Specific tasks include:
1) conducting a comprehensive literature review of existing privacy-related LLM methodologies
2) investigating the model’s properties, such as capacity, alignment, few-shot prompting, and chain-of-thought prompting, with a focus on aligning these models with privacy norms and expectations;
3) contributing to the development of a framework aimed at improving LLM alignment by fine-tuning the models to better align with existing policies and expectations.
See this paper for reference: https://arxiv.org/abs/2409.03735.
Desired Technical Skills:
* Proven programming and data analysis skills
* Experience working with ML and LLM models.
Desired Course(s): Course on ML and LLM, Data analysis.
Other Desired Qualifications:
* Experience with data analysis using Jupyter and/or R
* Interest in usable privacy, critical analysis of systems, and of privacy-related regulations
* Ability to work independently
Examination of Privacy Practices in Apps and Digital Platforms
Professor: Yan Shvartzshnaider
Contact Info: rhythm.lab@yorku.ca
Lab Website: https://www.yorku.ca/lassonde/privacy/
Position Type: Lassonde Undergraduate Research Award (LURA); NSERC Undergraduate Student Research Award (USRA)
Open Positions: 2
Project Description: Modern sociotechnical systems share and collect vast amounts of information. These systems violate users’ privacy by ignoring the context in which the information is shared and by implementing privacy models that fail to incorporate contextual information norms. Using techniques in natural language processing, machine learning, network, and data analysis, this project is set to explore the privacy implications of mobile apps, online platforms, and other systems in different social contexts/settings.
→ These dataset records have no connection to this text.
(* Let $k=k(n)$ be integers with $1\le k=O(\log n)$ and let $\varphi(n)=o(1/k(n))$. For every $\eta>0$ there is $n_0$ such that for all $n\ge n_0$, every integer $r>(1/2-\varphi(n))n$, every $x\in Q$ and every $X\subseteq Q$ with $\mu(X)\le\mu(Q_r)$, $$\Pr(T(x)\in X)<(1+\eta)\mu(Q_r).$$
   Context: $Q=\{0,1\}^n$ with uniform probability measure $\mu$; for $y\in Q$, $|y|=\sum_i y_i$, and $Q_r=\{y\in Q: |y|\le r\}$. For $x\in Q$, $T(x)$ is the random element of $Q$ obtained by choosing $K$ uniformly from the $k$-subsets of $[n]$, keeping $x_i$ for $i\in K$, and replacing each $x_i$ with $i\notin K$ by an independent uniform bit. *)

theory Defs
  imports "HOL-Probability.Probability" "HOL-Library.Landau_Symbols"
begin

text \<open>Points of Q = {0,1}^n are represented by their supports, i.e. subsets of {..<n}.
  |y| is card y.\<close>

definition cube :: "nat \<Rightarrow> nat set set" where
  "cube n = Pow {..<n}"

definition mu :: "nat \<Rightarrow> nat set set \<Rightarrow> real" where
  "mu n X = real (card (X \<inter> cube n)) / 2 ^ n"

definition ball_r :: "nat \<Rightarrow> int \<Rightarrow> nat set set" where
  "ball_r n r = {y \<in> cube n. int (card y) \<le> r}"

text \<open>T(x): choose a uniform k-subset K of [n], keep coordinates in K,
  resample the others by independent uniform bits (= uniform subset of the complement).\<close>
definition T :: "nat \<Rightarrow> nat \<Rightarrow> nat set \<Rightarrow> nat set pmf" where
  "T n k x = do {
     K \<leftarrow> pmf_of_set {K. K \<subseteq> {..<n} \<and> card K = k};
     R \<leftarrow> pmf_of_set (Pow ({..<n} - K));
     return_pmf ((x \<inter> K) \<union> R) }"

end

theory Submission
  imports Defs "HOL-Real_Asymp.Real_Asymp"
begin

text \<open>The probability that \<open>T x = y\<close> is \<open>C(n - |x \<triangle> y|, k) / (C(n, k) 2\<^sup>n\<^sup>-\<^sup>k)\<close>, a decreasing function
  of the Hamming distance from \<open>x\<close>. Hence no set of at most \<open>|Q\<^sub>r|\<close> points is more likely than the
  Hamming ball of radius \<open>r\<close> about \<open>x\<close>, whose probability is \<open>B(n - k, r) / 2\<^sup>n\<^sup>-\<^sup>k\<close> with
  \<open>B(m, a) = \<Sum>s\<le>a. C(m, s)\<close>. Since \<open>2\<^sup>k B(n - k, r - k) \<le> B(n, r)\<close>, it remains to show that the
  \<open>k\<close> top layers of \<open>B(n - k, r)\<close> are negligible. For \<open>r > (1/2 - \<phi>) n\<close> the coefficients
  \<open>C(n - k, s)\<close> near \<open>s = r\<close> grow by a factor at most \<open>1 + O(|\<phi>| + kN/n)\<close> per step, so each top
  layer is at most twice each of the \<open>kN\<close> layers below it, and the top layers carry at most a
  \<open>2/N\<close> fraction of \<open>B(n - k, r - k)\<close>. This needs \<open>kN|\<phi>|\<close> and \<open>(kN)\<^sup>2/n\<close> to be small, which holds
  eventually for every fixed \<open>N\<close> because \<open>k = O(log n)\<close> and \<open>\<phi> = o(1/k)\<close>.\<close>

definition binom_sum :: "nat \<Rightarrow> nat \<Rightarrow> nat" where
  "binom_sum m a = (\<Sum>s\<le>a. m choose s)"

lemma card_subsets_card_le:
  assumes "finite A"
  shows "card {S. S \<subseteq> A \<and> card S \<le> r} = binom_sum (card A) r"
proof -
  have "{S. S \<subseteq> A \<and> card S \<le> r} = (\<Union>s\<le>r. {S. S \<subseteq> A \<and> card S = s})"
    by auto
  moreover have "card (\<Union>s\<le>r. {S. S \<subseteq> A \<and> card S = s}) = (\<Sum>s\<le>r. card {S. S \<subseteq> A \<and> card S = s})"
    using assms by (intro card_UN_disjoint) (auto intro: finite_subset[of _ "Pow A"])
  ultimately show ?thesis
    using assms by (simp add: binom_sum_def n_subsets)
qed

lemma binom_sum_Suc_Suc: "binom_sum (Suc m) (Suc a) = binom_sum m a + binom_sum m (Suc a)"
  unfolding binom_sum_def sum.atMost_Suc_shift by (simp add: sum.distrib)

lemma binom_sum_mono: "a \<le> b \<Longrightarrow> binom_sum m a \<le> binom_sum m b"
  unfolding binom_sum_def by (intro sum_mono2) auto

lemma binom_sum_pos: "0 < binom_sum m a"
  unfolding binom_sum_def by (rule ordered_comm_monoid_add_class.sum_pos2[where i = 0]) auto

lemma two_pow_mult_binom_sum_le: "2 ^ j * binom_sum m a \<le> binom_sum (m + j) (a + j)"
proof (induction j)
  case (Suc j)
  have "2 ^ Suc j * binom_sum m a \<le> 2 * binom_sum (m + j) (a + j)"
    using Suc by simp
  also have "\<dots> \<le> binom_sum (m + j) (a + j) + binom_sum (m + j) (Suc (a + j))"
    using binom_sum_mono[of "a + j" "Suc (a + j)"] by simp
  also have "\<dots> = binom_sum (m + Suc j) (a + Suc j)"
    by (simp add: binom_sum_Suc_Suc)
  finally show ?case .
qed simp

lemma binomial_Suc_mult_le:
  assumes "s0 \<le> s"
  shows "(m choose Suc s) * Suc s0 \<le> (m choose s) * (m - s0)"
proof -
  have "(m choose Suc s) * Suc s = (m choose s) * (m - s)"
  proof (cases m)
    case (Suc p)
    then show ?thesis
      using Suc_times_binomial[of s p] binomial_absorb_comp[of m s] by (simp add: mult.commute)
  qed simp
  then show ?thesis
    using assms by (metis Suc_le_mono diff_le_mono2 le_trans mult_le_mono2 order_refl)
qed

lemma binomial_Suc_le_ratio:
  fixes \<rho> :: real
  assumes "s0 \<le> s" and "real (m - s0) \<le> \<rho> * real (Suc s0)"
  shows "real (m choose Suc s) \<le> \<rho> * real (m choose s)"
proof -
  have "real (m choose Suc s) * real (Suc s0) \<le> real (m choose s) * real (m - s0)"
    using of_nat_mono[OF binomial_Suc_mult_le[OF assms(1), of m], where 'a = real]
    by (simp only: of_nat_mult)
  also have "\<dots> \<le> real (m choose s) * (\<rho> * real (Suc s0))"
    using assms(2) by (rule mult_left_mono) simp
  finally show ?thesis
    by (simp add: mult.assoc mult.commute)
qed

lemma binomial_le_pow_mult:
  fixes \<rho> :: real
  assumes "0 \<le> \<rho>" and ratio: "\<And>s. s0 \<le> s \<Longrightarrow> real (m choose Suc s) \<le> \<rho> * real (m choose s)"
    and "s0 \<le> s"
  shows "real (m choose (s + d)) \<le> \<rho> ^ d * real (m choose s)"
proof (induction d)
  case (Suc d)
  have "real (m choose (s + Suc d)) \<le> \<rho> * real (m choose (s + d))"
    using ratio[of "s + d"] \<open>s0 \<le> s\<close> by simp
  also have "\<dots> \<le> \<rho> * (\<rho> ^ d * real (m choose s))"
    using Suc \<open>0 \<le> \<rho>\<close> by (rule mult_left_mono)
  finally show ?case by simp
qed simp

lemma sum_binomial_below_le_binom_sum:
  assumes "L \<le> Suc a"
  shows "(\<Sum>i<L. m choose (a - i)) \<le> binom_sum m a"
proof -
  have "inj_on (\<lambda>i. a - i) {..<L}"
    using assms by (auto simp: inj_on_def)
  then have "(\<Sum>i<L. m choose (a - i)) = (\<Sum>s\<in>(\<lambda>i. a - i) ` {..<L}. m choose s)"
    by (simp add: sum.reindex)
  also have "\<dots> \<le> binom_sum m a"
    unfolding binom_sum_def by (intro sum_mono2) auto
  finally show ?thesis .
qed

lemma binom_sum_add_le:
  fixes \<rho> :: real
  assumes L: "k * N \<le> Suc a" and "1 \<le> \<rho>"
    and ratio: "\<And>s. Suc a - k * N \<le> s \<Longrightarrow> real (m choose Suc s) \<le> \<rho> * real (m choose s)"
  shows "real N * real (binom_sum m (a + k)) \<le> (real N + \<rho> ^ (k * N + k)) * real (binom_sum m a)"
proof -
  \<comment> \<open>each of the \<open>k\<close> coefficients above \<open>a\<close> is at most \<open>\<rho>\<^bsup>kN+k\<^esup>\<close> times each of the \<open>kN\<close> ones up to \<open>a\<close>\<close>
  define L where "L = k * N"
  define U where "U = (\<Sum>s = Suc a..a + k. m choose s)"
  have "real L * real (m choose s) \<le> \<rho> ^ (L + k) * real (binom_sum m a)"
    if s: "s \<in> {Suc a..a + k}" for s
  proof -
    have "real (m choose s) \<le> \<rho> ^ (L + k) * real (m choose (a - i))" if "i < L" for i
    proof -
      have "real (m choose ((a - i) + (s - (a - i)))) \<le> \<rho> ^ (s - (a - i)) * real (m choose (a - i))"
        using \<open>1 \<le> \<rho>\<close> \<open>i < L\<close> by (intro binomial_le_pow_mult[OF _ ratio]) (auto simp: L_def)
      also have "\<dots> \<le> \<rho> ^ (L + k) * real (m choose (a - i))"
        using s \<open>i < L\<close> \<open>1 \<le> \<rho>\<close> by (intro mult_right_mono power_increasing) auto
      finally show ?thesis
        using s by (simp add: le_diff_conv)
    qed
    then have "real L * real (m choose s) \<le> \<rho> ^ (L + k) * real (\<Sum>i<L. m choose (a - i))"
      using sum_mono[of "{..<L}" "\<lambda>_. real (m choose s)"] by (simp add: sum_distrib_left)
    also have "\<dots> \<le> \<rho> ^ (L + k) * real (binom_sum m a)"
      using sum_binomial_below_le_binom_sum[of L a m] L \<open>1 \<le> \<rho>\<close>
      by (intro mult_left_mono of_nat_mono) (auto simp: L_def)
    finally show ?thesis .
  qed
  from sum_bounded_above[of "{Suc a..a + k}", OF this]
  have "real L * real U \<le> real k * (\<rho> ^ (L + k) * real (binom_sum m a))"
    by (simp add: U_def sum_distrib_left)
  then have "real N * real U \<le> \<rho> ^ (L + k) * real (binom_sum m a)"
    by (cases "k = 0") (auto simp: U_def L_def)
  moreover have "binom_sum m (a + k) = binom_sum m a + U"
    by (simp add: binom_sum_def U_def sum_up_index_split)
  ultimately show ?thesis
    by (simp add: L_def algebra_simps)
qed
To tackle this challenge, the project will operationalize a cutting-edge privacy theory and methodologies to conduct an analysis of existing technologies and design privacy-enhancing tools used in the educational context.
Looking for students in 3rd year or higher.
Duties and Responsibilities: Students will develop privacy-enhancing mechanisms that ensure that information flows in accordance with users’ expectations and established societal norms and design. Specific tasks include: comprehensive literature review of existing methodologies and tools, analysis of privacy policies and regulations, visualization of information collection practices, and design of a web-based interface for analyzing extracted privacy statements to identify vague, misleading, or incomplete privacy statements.
Desired Technical Skills: Experience with machine learning, natural language processing techniques, Good programming skills overall, and experience in using Jupyter and/or R for data analysis.
Desired Course(s): Software engineering, computer science, and information science students. Note: students with diverse backgrounds, including in technical fields, social sciences and humanities are encouraged to apply.
Other Desired Qualifications: HCI design and web development. interest in usable privacy, critical analysis of privacy policies and privacy related regulation.